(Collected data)
----

(* Let $k\ge2$ and $n\le0$ with $\mathcal{F}_{n,k}\not\equiv0$, and write $q=q_{n,k}$, $r=r_{n,k}$. Write $\mathcal{F}_{n,k}(x)=x^rP_{n,k}(x^k)$ with $P_{n,k}(\xi)\in\mathbb{Z}[\xi]$ of degree $N=N_{n,k}$, where $N=q-1$ if $r=0$ and $N=q-r$ if $1\le r\le k-1$. Let $\xi_1,\dots,\xi_N$ be its roots counted with multiplicity, and $\sigma_h$ their $h$-th elementary symmetric polynomial. Then, for $h=1,\dots,N$, $$\sigma_h=\begin{cases}(-1)^hC_k\bigl(-(h+1),\,|n|+1-k(h+1)\bigr),& r=0,\\[4pt] (-1)^{h+r}\,C_k\bigl(-(h+r),\,|n|+1-k(h+r)\bigr)\Big/\binom{q-1}{r-1},& 1\le r\le k-1.\end{cases}$$ Moreover, if $N\ge1$, $$\sum_{j=1}^N\xi_j=\begin{cases}-(2q-3),& r=0,\ k=2,\\ -(q-1),& r=0,\ k\ge3,\\ -\dfrac{(r+1)(q-r)}{r},& 1\le r\le k-1,\end{cases}\qquad \prod_{j=1}^N\xi_j=\begin{cases}(-1)^N,& r=0,\\ (-1)^N\dfrac{q}{r},& 1\le r\le k-1.\end{cases}$$
   Context: For $k\ge2$, the polynomials $\mathcal{F}_{n,k}(x)\in\mathbb{Z}[x]$ ($n\in\mathbb{Z}$) are defined by $\mathcal{F}_{1,k}=1$, $\mathcal{F}_{n,k}=0$ for $n=0,-1,\dots,-(k-2)$, and $\mathcal{F}_{n,k}(x)=\sum_{j=1}^{k}x^{k-j}\mathcal{F}_{n-j,k}(x)$ for all $n\in\mathbb{Z}$. This recurrence is used upwards for $n\ge2$, and downwards for $n\le-(k-1)$ as $\mathcal{F}_{n,k}=\mathcal{F}_{n+k,k}-\sum_{j=1}^{k-1}x^j\mathcal{F}_{n+j,k}$. For $n\le0$: $q_{n,k}=\lfloor(|n|+1)/k\rfloor$, and $r_{n,k}\in\{0,\dots,k-1\}$ is the residue of $|n|+1$ modulo $k$, so $|n|+1=kq_{n,k}+r_{n,k}$. For integers $m<0$ and $j\ge0$, $C_k(m,j)$ is the coefficient of $x^j$ in the formal power series $1/(1+x+\dots+x^{k-1})^{|m|}$. *)

theory Defs
  imports "HOL-Computational_Algebra.Computational_Algebra"
begin

text \<open>Downward part: Fneg k m = F_{1-m,k} for m :: nat.
  Fneg k 0 = F_1 = 1, Fneg k m = F_{1-m} = 0 for 1 \<le> m \<le> k-1,
  and for m \<ge> k: F_{1-m} = F_{1-m+k} - sum_{j=1}^{k-1} x^j F_{1-m+j}.\<close>
function Fneg :: "nat \<Rightarrow> nat \<Rightarrow> int poly" where
  "Fneg k m = (if k < 2 then 0 else if m = 0 then 1 else if m < k then 0
     else Fneg k (m - k) - (\<Sum>j\<in>{1..k-1}. monom 1 j * Fneg k (m - j)))"
  by auto
termination
  by (relation "measure (\<lambda>(k, m). m)") auto

text \<open>Upward part: Fup k m = F_{m-(k-2),k}. Values 0 for m \<le> k-2, 1 for m = k-1,
  and F_n = sum_{j=1}^k x^{k-j} F_{n-j} otherwise.\<close>
function Fup :: "nat \<Rightarrow> nat \<Rightarrow> int poly" where
  "Fup k m = (if k < 2 then 0 else if m < k - 1 then 0 else if m = k - 1 then 1
     else (\<Sum>j\<in>{1..k}. monom 1 (k - j) * Fup k (m - j)))"
  by auto
termination
  by (relation "measure (\<lambda>(k, m). m)") auto

definition Fpoly :: "nat \<Rightarrow> int \<Rightarrow> int poly" where
  "Fpoly k n = (if n \<ge> 2 - int k then Fup k (nat (n + int k - 2)) else Fneg k (nat (1 - n)))"

definition qnk :: "int \<Rightarrow> nat \<Rightarrow> nat" where
  "qnk n k = nat (\<bar>n\<bar> + 1) div k"

definition rnk :: "int \<Rightarrow> nat \<Rightarrow> nat" where
  "rnk n k = nat (\<bar>n\<bar> + 1) mod k"

definition Ck :: "nat \<Rightarrow> int \<Rightarrow> int \<Rightarrow> rat" where
  "Ck k m j = (if j < 0 then 0 else
     fps_nth (inverse ((\<Sum>i<k. (fps_X :: rat fps) ^ i) ^ nat \<bar>m\<bar>)) (nat j))"

definition esym :: "nat \<Rightarrow> complex list \<Rightarrow> complex" where
  "esym h xs = (\<Sum>S | S \<subseteq> {..<length xs} \<and> card S = h. \<Prod>i\<in>S. xs ! i)"

end
(* A binary network $N$ is orchard if and only if $N$ admits an HGT-consistent labelling.
   Context: A (directed phylogenetic) network on a finite taxa set $X$ is a directed acyclic graph without parallel arcs whose nodes are of the following types: a unique root (indegree 0, outdegree 1); tree nodes (indegree 1, outdegree at least 2); reticulations (indegree at least 2, outdegree 1); leaves (indegree 1, outdegree 0), the leaves being bijectively labelled by $X$. Non-leaf nodes are called internal. A network is binary if every tree node and every reticulation has total degree (indegree plus outdegree) exactly 3. A tree is a network without reticulations. Orchard networks: An ordered pair of leaves $(x,y)$ is a cherry if $x$ and $y$ have a common parent; it is a reticulated cherry if the parent $p_x$ of $x$ is a reticulation and $p_x$ and $y$ have a common parent. Let $p_x,p_y$ be the parents of $x,y$. Reducing $(x,y)$ in a network $N$: if $(x,y)$ is a cherry, delete $x$ and suppress $p_x$ if it now has indegree 1 and outdegree 1; if $(x,y)$ is a reticulated cherry, delete the arc $(p_y,p_x)$ and suppress any resulting node of indegree 1 and outdegree 1; otherwise do nothing. (Suppressing a node $v$ with one parent $u$ and one child $w$ means deleting $v$ and adding the arc $(u,w)$.) For a sequence $S$ of ordered pairs, $NS$ denotes the result of reducing the pairs of $S$ in order. $N$ is orchard if there is a sequence $S$ such that $NS$ is a tree with exactly one leaf. HGT-consistent labelling: Let $N$ be a binary network with node set $V$. An HGT-consistent labelling of $N$ is a map $t:V\to\mathbb{R}$ such that (1) for every arc $(u,v)$, $t(u)\le t(v)$, and equality is allowed only if $v$ is a reticulation; (2) every internal node $u$ has a child $v$ with $t(u)<t(v)$; (3) for every reticulation $r$ with parents $u$ and $v$, exactly one of $t(u)=t(r)$ and $t(v)=t(r)$ holds. *)

theory Defs
  imports Complex_Main
begin

(* A network is represented by its node set V and its arc set A (a set of pairs,
   hence no parallel arcs).  Leaves are identified with the taxa they carry. *)

type_synonym 'a net = "'a set \<times> ('a \<times> 'a) set"

definition indeg :: "('a \<times> 'a) set \<Rightarrow> 'a \<Rightarrow> nat" where
  "indeg A v = card {u. (u, v) \<in> A}"

definition outdeg :: "('a \<times> 'a) set \<Rightarrow> 'a \<Rightarrow> nat" where
  "outdeg A v = card {w. (v, w) \<in> A}"

definition is_root :: "('a \<times> 'a) set \<Rightarrow> 'a \<Rightarrow> bool" where
  "is_root A v \<longleftrightarrow> indeg A v = 0 \<and> outdeg A v = 1"

definition is_tree_node :: "('a \<times> 'a) set \<Rightarrow> 'a \<Rightarrow> bool" where
  "is_tree_node A v \<longleftrightarrow> indeg A v = 1 \<and> outdeg A v \<ge> 2"

definition is_ret :: "('a \<times> 'a) set \<Rightarrow> 'a \<Rightarrow> bool" where
  "is_ret A v \<longleftrightarrow> indeg A v \<ge> 2 \<and> outdeg A v = 1"

definition is_leaf :: "('a \<times> 'a) set \<Rightarrow> 'a \<Rightarrow> bool" where
  "is_leaf A v \<longleftrightarrow> indeg A v = 1 \<and> outdeg A v = 0"

definition network :: "'a net \<Rightarrow> bool" where
  "network N \<longleftrightarrow> (case N of (V, A) \<Rightarrow>
     finite V \<and> A \<subseteq> V \<times> V \<and> acyclic A \<and>
     (\<exists>!r. r \<in> V \<and> is_root A r) \<and>
     (\<forall>v\<in>V. is_root A v \<or> is_tree_node A v \<or> is_ret A v \<or> is_leaf A v))"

----

-- About this exercise --
Reproduce exactly the entries above, limited to the lines from the one with "0 then 0 else" through the one with "(* A binary", both included.

-- Task solution --
  "Ck k m j = (if j < 0 then 0 else
     fps_nth (inverse ((\<Sum>i<k. (fps_X :: rat fps) ^ i) ^ nat \<bar>m\<bar>)) (nat j))"

definition esym :: "nat \<Rightarrow> complex list \<Rightarrow> complex" where
  "esym h xs = (\<Sum>S | S \<subseteq> {..<length xs} \<and> card S = h. \<Prod>i\<in>S. xs ! i)"

end
(* A binary network $N$ is orchard if and only if $N$ admits an HGT-consistent labelling.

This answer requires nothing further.